You are given string $S containing alphabets A..Z only and a number $N.

Write a script to encrypt the given string $S using Caesar Cipher with left shift of size $N.

Example:
Input: $S = "THE QUICK BROWN FOX JUMPS OVER THE LAZY DOG", $N = 3
Output: "QEB NRFZH YOLTK CLU GRJMP LSBO QEB IXWV ALD"

Plain:    ABCDEFGHIJKLMNOPQRSTUVWXYZ
Cipher:   XYZABCDEFGHIJKLMNOPQRSTUVW

Plaintext:  THE QUICK BROWN FOX JUMPS OVER THE LAZY DOG
Ciphertext: QEB NRFZH YOLTK CLU GRJMP LSBO QEB IXWV ALD

The expression «alphabets A..Z only» is wrong, as the example has several spaces as well. So they should be allowed.

File: caesar-cipher
#! /usr/bin/env raku

subset AZ-space of Str where /^ <[ A .. Z \s ]>+ $/;   # [1]
subset PosInt of Int where -25 <= $_ <= 25;            # [2]

unit sub MAIN (AZ-space $S = 'THE QUICK BROWN FOX JUMPS OVER THE LAZY DOG',
               PosInt $N = 3);                         # [3]

say $S.comb.map({ caesar($_, $N) }).join;              # [4]

sub caesar ($char, $shift)
{
  return $char if $char eq " ";                        # [5]

  my $code = $char.ord;                                # [6]

  $code -= $shift;                                     # [7]

  $code += 26 if $code < 65;  # 'A'                    # [8]
  $code -= 26 if $code > 90;  # 'Z'                    # [8a]

  return $code.chr;                                    # [9]
}

[1] The allowed characters (or «domain specific alphabet»).

[2] The challenge says that the left shift value is a number. It does not make sense to allow anything other than integers, so I restrict the value to that type. Negative values should be ok, and they mean a right shift value (instead of left).

[3] The arguments, with default values as given in the challenge.

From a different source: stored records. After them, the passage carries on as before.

lemma Pi_entry_succ_scale:
  assumes "2 \<le> i" "i + 1 \<le> L"
  shows "Pi_entry L i (i + 1) * site_scale L (i + 1) = - sqrt 2 / 4"
  using assms Pi_entry_succ[of i L] by (auto simp: site_scale_def one_div_two_sqrt2)

lemma Pi_entry_pred_scale:
  assumes "2 \<le> i" "i + 1 \<le> L"
  shows "Pi_entry L i (i - 1) * site_scale L (i - 1) = - sqrt 2 / 4"
proof -
  have "Pi_entry L i (i - 1) = Pi_entry L (i - 1) (i - 1 + 1)"
    using assms Pi_entry_commute[of L i "i - 1"] by simp
  thus ?thesis
    using assms Pi_entry_succ[of "i - 1" L] by (auto simp: site_scale_def one_div_two_sqrt2)
qed

section \<open>The Green's function of the shifted hopping operator\<close>

definition refl_pow :: "nat \<Rightarrow> real \<Rightarrow> nat \<Rightarrow> real" where
  "refl_pow N r t = r ^ t + r ^ (N - t)"

lemma refl_pow_rec:
  assumes r: "0 < r" and t: "1 \<le> t" "t + 1 \<le> N"
  shows "refl_pow N r (t - 1) + refl_pow N r (t + 1) = (r + 1/r) * refl_pow N r t"
proof -
  obtain u where u: "t = Suc u" using t by (cases t) auto
  obtain v where v: "N - t = Suc v" using t by (cases "N - t") auto
  have "N - (t - 1) = Suc (Suc v)" "N - (t + 1) = v" using t v by auto
  thus ?thesis unfolding refl_pow_def using r v by (simp add: u field_simps power2_eq_square)
qed

lemma refl_pow_reflect: "t \<le> N \<Longrightarrow> refl_pow N r (N - t) = refl_pow N r t"
  unfolding refl_pow_def by simp

lemma refl_pow_antimono:
  assumes r: "0 < r" "r < 1" and at: "a \<le> t" "t + a \<le> N"
  shows "refl_pow N r t \<le> refl_pow N r a"
proof -
  define d where "d = t - a"
  define e where "e = N - t - a"
  have t: "t = a + d" and Nt: "N - t = a + e" and Na: "N - a = a + (d + e)"
    using at unfolding d_def e_def by auto
  have "refl_pow N r a - refl_pow N r t = r ^ a * ((1 - r ^ d) * (1 - r ^ e))"
    by (simp only: refl_pow_def Nt Na) (simp add: t power_add algebra_simps)
  moreover have "r ^ d \<le> 1" "r ^ e \<le> 1" using r by (auto intro: power_le_one)
  ultimately have "0 \<le> refl_pow N r a - refl_pow N r t" using r by simp
  thus ?thesis by simp
qed

lemma refl_pow_le_zero: "0 < r \<Longrightarrow> r < 1 \<Longrightarrow> t \<le> N \<Longrightarrow> refl_pow N r t \<le> refl_pow N r 0"
  by (rule refl_pow_antimono) auto

lemma refl_pow_pos: "0 < r \<Longrightarrow> 0 < refl_pow N r t"
  unfolding refl_pow_def by (intro add_pos_pos zero_less_power)

lemma refl_pow_le_two: "0 < r \<Longrightarrow> r < 1 \<Longrightarrow> refl_pow N r t \<le> 2"
  unfolding refl_pow_def using power_le_one[of r] by (smt (verit))

definition green_norm :: "real \<Rightarrow> nat \<Rightarrow> real \<Rightarrow> real" where
  "green_norm lam N r = lam / 4 * ((r + 1 / r) * refl_pow N r 0 - 2 * refl_pow N r 1)"

lemma green_norm_eq:
  assumes "0 < r" and "1 \<le> N"
  shows "green_norm lam N r = lam / 4 * ((1 / r - r) * (1 - r ^ N))"
proof -
  obtain M where "N = Suc M" using assms by (cases N) auto
  thus ?thesis unfolding green_norm_def refl_pow_def using assms by (simp add: field_simps)
qed

lemma green_norm_pos:
  assumes r: "0 < r" "r < 1" and "1 \<le> N" and "lam > 0"
  shows "green_norm lam N r > 0"
proof -
  have "r ^ N < 1" using assms by (simp add: power_less_one_iff)
  moreover have "r < 1 / r" using r by (simp add: field_simps) (metis less_trans mult_less_cancel_left_pos mult.right_neutral)
  ultimately show ?thesis unfolding green_norm_eq[OF r(1) assms(3)] using assms by simp
qed

lemma green_norm_ge_four:
  assumes r: "0 < r" "r \<le> 1/2" and rl: "64 * r \<le> lam" and N: "1 \<le> N"
  shows "4 \<le> green_norm lam N r"
proof -
  have "r ^ N \<le> r ^ 1" by (rule power_decreasing) (use N r in auto)
  hence h2: "1/2 \<le> 1 - r ^ N" using r by simp
  have "r * r \<le> (1/2) * (1/2)" using r by (intro mult_mono) auto
  hence h1: "1 / (2 * r) \<le> 1 / r - r" using r by (simp add: field_simps)
  have "1 / (2 * r) * (1/2) \<le> (1 / r - r) * (1 - r ^ N)"
    by (rule mult_mono) (use h1 h2 r in auto)
  hence "lam / 4 * (1 / (2 * r) * (1/2)) \<le> green_norm lam N r"
    unfolding green_norm_eq[OF r(1) N] using r rl by (intro mult_left_mono) auto
  moreover have "4 \<le> lam / 4 * (1 / (2 * r) * (1/2))" using r rl by (simp add: field_simps)
  ultimately show ?thesis by linarith
qed

lemma refl_pow_second_difference:
  assumes r: "0 < r" and lam: "lam > 0" and i: "1 \<le> i" and d: "nat_dist i s < N"
  shows "(r + 1/r) * refl_pow N r (nat_dist i s) - refl_pow N r (nat_dist (i - 1) s)
           - refl_pow N r (nat_dist (i + 1) s)
         = (if i = s then 4 * green_norm lam N r / lam else 0)"
proof -
  consider "i = s" | "i < s" | "s < i" by linarith
  thus ?thesis
  proof cases
    case 1
    thus ?thesis using i lam unfolding green_norm_def by (simp add: nat_dist_def field_simps)
  next
    case 2
    have "refl_pow N r (s - i - 1) + refl_pow N r (s - i + 1) = (r + 1/r) * refl_pow N r (s - i)"
      by (rule refl_pow_rec) (use r d 2 in \<open>auto simp: nat_dist_def\<close>)
    moreover have "nat_dist i s = s - i" "nat_dist (i - 1) s = s - i + 1" "nat_dist (i + 1) s = s - i - 1"
      using 2 i by (auto simp: nat_dist_def)
    ultimately show ?thesis using 2 by simp
  next
    case 3
    have "refl_pow N r (i - s - 1) + refl_pow N r (i - s + 1) = (r + 1/r) * refl_pow N r (i - s)"
      by (rule refl_pow_rec) (use r d 3 in \<open>auto simp: nat_dist_def\<close>)
    moreover have "nat_dist i s = i - s" "nat_dist (i - 1) s = i - s - 1" "nat_dist (i + 1) s = i - s + 1"
      using 3 i by (auto simp: nat_dist_def)
    ultimately show ?thesis using 3 by simp
  qed
qed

[4] Split the string into single charactes (with comb, apply the «caesar» function on each one (with map), join the characters together as a string again (with join), and print it.

[5] Do not shift spaces.

[6] Get the character codepoint.

[7] Subtract the shift value (as we shift to the left, or lower in the alphabet).

[8] Wrap around if we shift out of the A-Z range, here lower - or higher in [8b]

[9] Get the character with the specified codepoint.

See docs.raku.org/routine/ord for more information about ord.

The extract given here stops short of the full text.